The first parameter is "figsize" with the dimension specified in a tuple. The first is width and the second is height. The unit is nominally inches, though 10 x 8 will generally produce a square .
The seaborn function for heatmaps is called next and this will create a much nicer looking matrix than the native matplotlib and one that is easier to create.
The parameters for the Seaborn heatmap are data.corr() function followed by the annotation argument represented by "annot" and is set to True meaning that the correlation coefficient will be displayed.

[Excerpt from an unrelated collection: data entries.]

lemma snd_nonneg_newton_polytope:
  assumes pg: "periodic_graph W E" and y: "y \<in> newton_polytope (dispersion W E)"
  shows "0 \<le> snd y"
proof -
  have "\<forall>p\<in>cover_point ` Collect (cycle_cover W E). 0 \<le> (0, 1) \<bullet> p"
    using snd_wt_zl_exp[OF finite_cycle_cover[OF pg]] by (simp add: cover_point_def to_real_def)
  then have "0 \<le> (0, 1) \<bullet> y"
    using y unfolding newton_polytope_dispersion[OF pg] by (rule convex_hull_halfspace_ge)
  then show ?thesis
    by (cases y) simp
qed

lemma exposes_vertical_face_imp_horizontal:
  assumes "exposes_vertical_face eta N"
  shows "snd eta = 0"
proof -
  obtain x t where "t \<noteq> 0" "x \<in> exposed_face eta N" "x + (0, t) \<in> exposed_face eta N"
    using assms by (auto simp: exposes_vertical_face_def vertical_def)
  then have "to_real eta \<bullet> (x + (0, t)) = to_real eta \<bullet> x"
    by (auto simp: exposed_face_def intro: order.antisym)
  then show ?thesis
    using \<open>t \<noteq> 0\<close> by (simp add: inner_add_right to_real_def)
qed

lemma eta_minimal_cover_LamLoop_imp_nonpos:
  assumes pg: "periodic_graph W E" and Z: "eta_minimal_cover W E eta Z" "LamLoop v \<in> Z"
  shows "snd eta \<le> 0"
proof -
  obtain Z0 where "Z = insert (LamLoop v) Z0" "finite Z0" "LamLoop v \<notin> Z0" "VLoop v \<notin> Z0"
    "cycle_cover W E (insert (VLoop v) Z0)"
    using cycle_cover_loop_exchange[of W E Z "LamLoop v" v] pg Z by (auto simp: eta_minimal_cover_def)
  then show ?thesis
    using Z(1) eta_val_LamLoop_VLoop[of Z0 v eta] by (force simp: eta_minimal_cover_def)
qed

lemma eta_minimal_cover_VLoop_imp_nonneg:
  assumes pg: "periodic_graph W E" and Z: "eta_minimal_cover W E eta Z" "VLoop v \<in> Z"
  shows "0 \<le> snd eta"
proof -
  obtain Z0 where "Z = insert (VLoop v) Z0" "finite Z0" "LamLoop v \<notin> Z0" "VLoop v \<notin> Z0"
    "cycle_cover W E (insert (LamLoop v) Z0)"
    using cycle_cover_loop_exchange[of W E Z "VLoop v" v] pg Z by (auto simp: eta_minimal_cover_def)
  then show ?thesis
    using Z(1) eta_val_LamLoop_VLoop[of Z0 v eta] by (force simp: eta_minimal_cover_def)
qed

lemma eta_minimal_cover_exchange_LamLoop:
  assumes pg: "periodic_graph W E" and Z: "eta_minimal_cover W E eta Z" "LamLoop v \<in> Z"
    and horizontal: "snd eta = 0"
  obtains Z' where "v \<in> W" "eta_minimal_cover W E eta Z'" "VLoop v \<in> Z'"
    "cover_point Z = cover_point Z' + (0, 1)"
proof -
  obtain Z0 where Z0: "v \<in> W" "Z = insert (LamLoop v) Z0" "finite Z0" "LamLoop v \<notin> Z0" "VLoop v \<notin> Z0"
    "cycle_cover W E (insert (VLoop v) Z0)"
    using cycle_cover_loop_exchange[of W E Z "LamLoop v" v] pg Z by (auto simp: eta_minimal_cover_def)
  show ?thesis
  proof (rule that)
    show "eta_minimal_cover W E eta (insert (VLoop v) Z0)"
      using Z(1) Z0 horizontal eta_val_LamLoop_VLoop[of Z0 v eta] by (simp add: eta_minimal_cover_def)
    show "cover_point Z = cover_point (insert (VLoop v) Z0) + (0, 1)"
      using Z0 cover_point_LamLoop_VLoop by simp
  qed (use Z0 in simp_all)
qed

lemma exposes_vertical_face_obtain_LamLoop_cover:
  assumes pg: "periodic_graph W E"
    and vertical: "exposes_vertical_face eta (newton_polytope (dispersion W E))"
  obtains Z v where "eta_minimal_cover W E eta Z" "LamLoop v \<in> Z"
proof -
  let ?P = "cover_point ` Collect (cycle_cover W E)"
  let ?F = "exposed_face eta (newton_polytope (dispersion W E))"
  obtain x t where "t \<noteq> 0" "x \<in> ?F" "x + (0, t) \<in> ?F"
    using vertical by (auto simp: exposes_vertical_face_def vertical_def)
  moreover from this have "0 \<le> snd x" "0 \<le> snd (x + (0, t))"
    using snd_nonneg_newton_polytope[OF pg, of x] snd_nonneg_newton_polytope[OF pg, of "x + (0, t)"]
    by (simp_all add: exposed_face_def)
  ultimately obtain y where y: "y \<in> ?F" "0 < snd y"
    by (cases "0 < snd x") auto
  then have "y \<in> convex hull ?P" "\<forall>p\<in>?P. to_real eta \<bullet> y \<le> to_real eta \<bullet> p" "0 < (0, 1) \<bullet> y"
    using cover_point_in_newton_polytope[OF pg]
    by (auto simp: exposed_face_def newton_polytope_dispersion[OF pg] inner_prod_def)
  then obtain Z where Z: "cycle_cover W E Z" "to_real eta \<bullet> cover_point Z = to_real eta \<bullet> y"
    and lambda_pos: "0 < (0, 1) \<bullet> cover_point Z"
    using convex_hull_minimizer_witness[OF finite_cover_points[OF pg]] by blast
  have "cover_point Z \<in> ?F"
    using y(1) Z cover_point_in_newton_polytope[OF pg] by (auto simp: exposed_face_def)
  then have "eta_minimal_cover W E eta Z"
    using cover_point_in_exposed_face_iff[OF pg Z(1)] by blast
  moreover have "Z \<inter> range LamLoop \<noteq> {}"
    using lambda_pos snd_wt_zl_exp[OF finite_cycle_cover[OF pg Z(1)]]
    by (auto simp: cover_point_def to_real_def)
  ultimately show ?thesis
    using that by blast
qed

lemma exposes_vertical_face_imp_loops_in_initial_graph:
  assumes pg: "periodic_graph W E"
    and vertical: "exposes_vertical_face eta (newton_polytope (dispersion W E))"
  shows "\<exists>v\<in>W. LamLoop v \<in> initial_graph W E eta \<and> VLoop v \<in> initial_graph W E eta"
proof -
  obtain Z v where Z: "eta_minimal_cover W E eta Z" "LamLoop v \<in> Z"
    using exposes_vertical_face_obtain_LamLoop_cover[OF pg vertical] .
  moreover obtain Z' where "v \<in> W" "eta_minimal_cover W E eta Z'" "VLoop v \<in> Z'"
    using eta_minimal_cover_exchange_LamLoop[OF pg Z exposes_vertical_face_imp_horizontal[OF vertical]] .
  ultimately show ?thesis
    using in_initial_graph_iff by blast
qed

lemma loops_in_initial_graph_imp_exposes_vertical_face:
  assumes pg: "periodic_graph W E"
    and loops: "LamLoop v \<in> initial_graph W E eta" "VLoop v \<in> initial_graph W E eta"
  shows "exposes_vertical_face eta (newton_polytope (dispersion W E))"
proof -
  obtain Z1 Z2 where Z1: "eta_minimal_cover W E eta Z1" "LamLoop v \<in> Z1"
    and Z2: "eta_minimal_cover W E eta Z2" "VLoop v \<in> Z2"
    using loops in_initial_graph_iff by metis
  have "snd eta = 0"
    using eta_minimal_cover_LamLoop_imp_nonpos[OF pg Z1] eta_minimal_cover_VLoop_imp_nonneg[OF pg Z2]
    by simp
  then obtain Z' where Z': "eta_minimal_cover W E eta Z'" "cover_point Z1 = cover_point Z' + (0, 1)"
    using eta_minimal_cover_exchange_LamLoop[OF pg Z1] by blast
  then have "cover_point Z' \<in> exposed_face eta (newton_polytope (dispersion W E))"
    "cover_point Z' + (0, 1) \<in> exposed_face eta (newton_polytope (dispersion W E))"
    using eta_minimal_cover_point_in_exposed_face[OF pg Z'(1)] eta_minimal_cover_point_in_exposed_face[OF pg Z1(1)]
    by simp_all
  then show ?thesis
    unfolding exposes_vertical_face_def vertical_def by (metis zero_neq_one)
qed
(*
  Every element of M(E) is the class [X] of a single object, because [X] + [Y] = [X \<oplus> Y]
  and the split sequence 0 \<rightarrow> X \<rightarrow> X \<oplus> Y \<rightarrow> Y \<rightarrow> 0 is a conflation. For a Serre
  subcategory S the property "every summand of a formal sum lies in S" is invariant under
  each generating relation of the congruence defining M(E) (for conflations this is exactly
  the Serre condition), so X \<in> S depends only on [X]; hence D(M_S) = S, and M_S is a face
  since [X] + [Y] = [X \<oplus> Y]. Conversely, [Y] = [X] + [Z] for every conflation turns the
  face condition on F into the Serre condition on D_F. Finally, in any commutative monoid
  complementation exchanges faces and prime ideals.
*)

locale preadditive_cat =
  fixes C :: "('o, 'm) acat"
  assumes preadditive: "preadditive C"
begin

lemma is_category: "category C"
  using preadditive unfolding preadditive_def by blast

lemma hom_ObD: "f \<in> hom C X Y \<Longrightarrow> X \<in> Ob C \<and> Y \<in> Ob C \<and> f \<in> Ar C"
  using is_category unfolding category_def hom_def by blast

lemma idt_in_hom: "X \<in> Ob C \<Longrightarrow> idt C X \<in> hom C X X"
  using is_category unfolding category_def by blast

lemma comp_in_hom: "f \<in> hom C X Y \<Longrightarrow> g \<in> hom C Y Z \<Longrightarrow> cmp C g f \<in> hom C X Z"
  using is_category unfolding category_def hom_def by (metis (mono_tags, lifting) mem_Collect_eq)

lemma comp_idt_right: "f \<in> hom C X Y \<Longrightarrow> cmp C f (idt C X) = f"
  using is_category unfolding category_def hom_def by blast

lemma comp_idt_left: "f \<in> hom C X Y \<Longrightarrow> cmp C (idt C Y) f = f"
  using is_category unfolding category_def hom_def by blast

lemma comp_assoc:
  "f \<in> hom C X Y \<Longrightarrow> g \<in> hom C Y Z \<Longrightarrow> h \<in> hom C Z W \<Longrightarrow>
   cmp C h (cmp C g f) = cmp C (cmp C h g) f"
  using is_category unfolding category_def hom_def by (metis (mono_tags, lifting) mem_Collect_eq)

lemma mzero_in_hom: "X \<in> Ob C \<Longrightarrow> Y \<in> Ob C \<Longrightarrow> mzero C X Y \<in> hom C X Y"
  using preadditive unfolding preadditive_def by blast

lemma madd_commute: "f \<in> hom C X Y \<Longrightarrow> g \<in> hom C X Y \<Longrightarrow> madd C f g = madd C g f"
  using preadditive hom_ObD unfolding preadditive_def by blast

lemma madd_assoc:
  "f \<in> hom C X Y \<Longrightarrow> g \<in> hom C X Y \<Longrightarrow> h \<in> hom C X Y \<Longrightarrow>
   madd C (madd C f g) h = madd C f (madd C g h)"
  using preadditive hom_ObD unfolding preadditive_def by blast

lemma madd_mzero_right: "f \<in> hom C X Y \<Longrightarrow> madd C f (mzero C X Y) = f"
  using preadditive hom_ObD unfolding preadditive_def by blast

lemma madd_mzero_left: "f \<in> hom C X Y \<Longrightarrow> madd C (mzero C X Y) f = f"
  using madd_mzero_right madd_commute mzero_in_hom hom_ObD by metis

lemma madd_inverse_ex: "f \<in> hom C X Y \<Longrightarrow> \<exists>g\<in>hom C X Y. madd C f g = mzero C X Y"
  using preadditive hom_ObD unfolding preadditive_def by blast

lemma comp_madd_left:
  "f \<in> hom C X Y \<Longrightarrow> f' \<in> hom C X Y \<Longrightarrow> g \<in> hom C Y Z \<Longrightarrow>
   cmp C g (madd C f f') = madd C (cmp C g f) (cmp C g f')"
  using preadditive hom_ObD unfolding preadditive_def by blast

lemma comp_madd_right:
  "f \<in> hom C X Y \<Longrightarrow> g \<in> hom C Y Z \<Longrightarrow> g' \<in> hom C Y Z \<Longrightarrow>
   cmp C (madd C g g') f = madd C (cmp C g f) (cmp C g' f)"
  using preadditive hom_ObD unfolding preadditive_def by blast

lemma madd_idem_imp_mzero:
  assumes h: "h \<in> hom C X Y" and idem: "madd C h h = h"
  shows "h = mzero C X Y"
proof -
  obtain k where k: "k \<in> hom C X Y" "madd C h k = mzero C X Y"
    using madd_inverse_ex[OF h] by blast
  have "mzero C X Y = madd C (madd C h h) k" using k idem by simp
  also have "\<dots> = madd C h (madd C h k)" using madd_assoc h k by blast
  also have "\<dots> = h" using k madd_mzero_right h by simp
  finally show ?thesis by simp
qed

lemma comp_mzero_right:
  assumes g: "g \<in> hom C Y Z" and X: "X \<in> Ob C"
  shows "cmp C g (mzero C X Y) = mzero C X Z"
proof -
  have z: "mzero C X Y \<in> hom C X Y" using mzero_in_hom X hom_ObD[OF g] by blast
  have "madd C (cmp C g (mzero C X Y)) (cmp C g (mzero C X Y)) = cmp C g (mzero C X Y)"
    using comp_madd_left[OF z z g] madd_mzero_right[OF z] by simp
  then show ?thesis using madd_idem_imp_mzero comp_in_hom[OF z g] by blast
qed

lemma comp_mzero_left:
  assumes f: "f \<in> hom C X Y" and Z: "Z \<in> Ob C"
  shows "cmp C (mzero C Y Z) f = mzero C X Z"
proof -
  have z: "mzero C Y Z \<in> hom C Y Z" using mzero_in_hom Z hom_ObD[OF f] by blast
  have "madd C (cmp C (mzero C Y Z) f) (cmp C (mzero C Y Z) f) = cmp C (mzero C Y Z) f"
    using comp_madd_right[OF f z z] madd_mzero_right[OF z] by simp
  then show ?thesis using madd_idem_imp_mzero comp_in_hom[OF f z] by blast
qed

lemma zero_objects_isomorphic:
  assumes Z: "zero_object C Z" and Z': "zero_object C Z'"
  shows "isomorphic C Z Z'"
proof -
  have Ob: "Z \<in> Ob C" "Z' \<in> Ob C" using Z Z' unfolding zero_object_def by auto
  have "cmp C (mzero C Z' Z) (mzero C Z Z') = idt C Z" "cmp C (mzero C Z Z') (mzero C Z' Z) = idt C Z'"
    using comp_mzero_left mzero_in_hom Ob Z Z' unfolding zero_object_def by auto
  then show ?thesis using mzero_in_hom Ob unfolding isomorphic_def by blast
qed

The next argument is "cmap" or color map, and this regulates what kind of color range will be displayed. There are several options for this argument:
Then the next argument is the precision of the coefficients fmt=".2f" which will display two decimals
The final argument is the line widths which creates a line around each matrix cell and increase legibility.
Summary Statistics are descriptive summaries of the range, distribution and central tendency of a dataset, and include things like:
Cardinality/ Number of Unique values
print(data['column_name'].nunique())
This function will generate the total number of unique values in a field.
Central Tendency - Mean
data['column_name'].mean()
This function will find the arithmetic average of a numeric-type field
Central Tendency - Median
data['column_name'].median()
Similarly this function will produce the median value in a numeric-type variable
Standard Deviation
data['column_name'].std()
This function will generate the standard deviation of a numeric-type variable
Variance
data['column_name'].var()
This function will generate a statistical measure that describes the spread of values in the numeric variable
Skewedness
data['column_name'].skew()
This function produces a statistic that represents the asymmetry of a distribution
Kurtosis
data['column_name'].kurt()
Kurtosis is a measure of the peakedness of a distribution
Maximum value
data['column_name1'].max()
This function will indicate the highest value in a field
Minimum value
data['column_name1'].min()
This function will indicate the lowest value in a field
Range
data['column_name1'].max() - data['column_name1'].min()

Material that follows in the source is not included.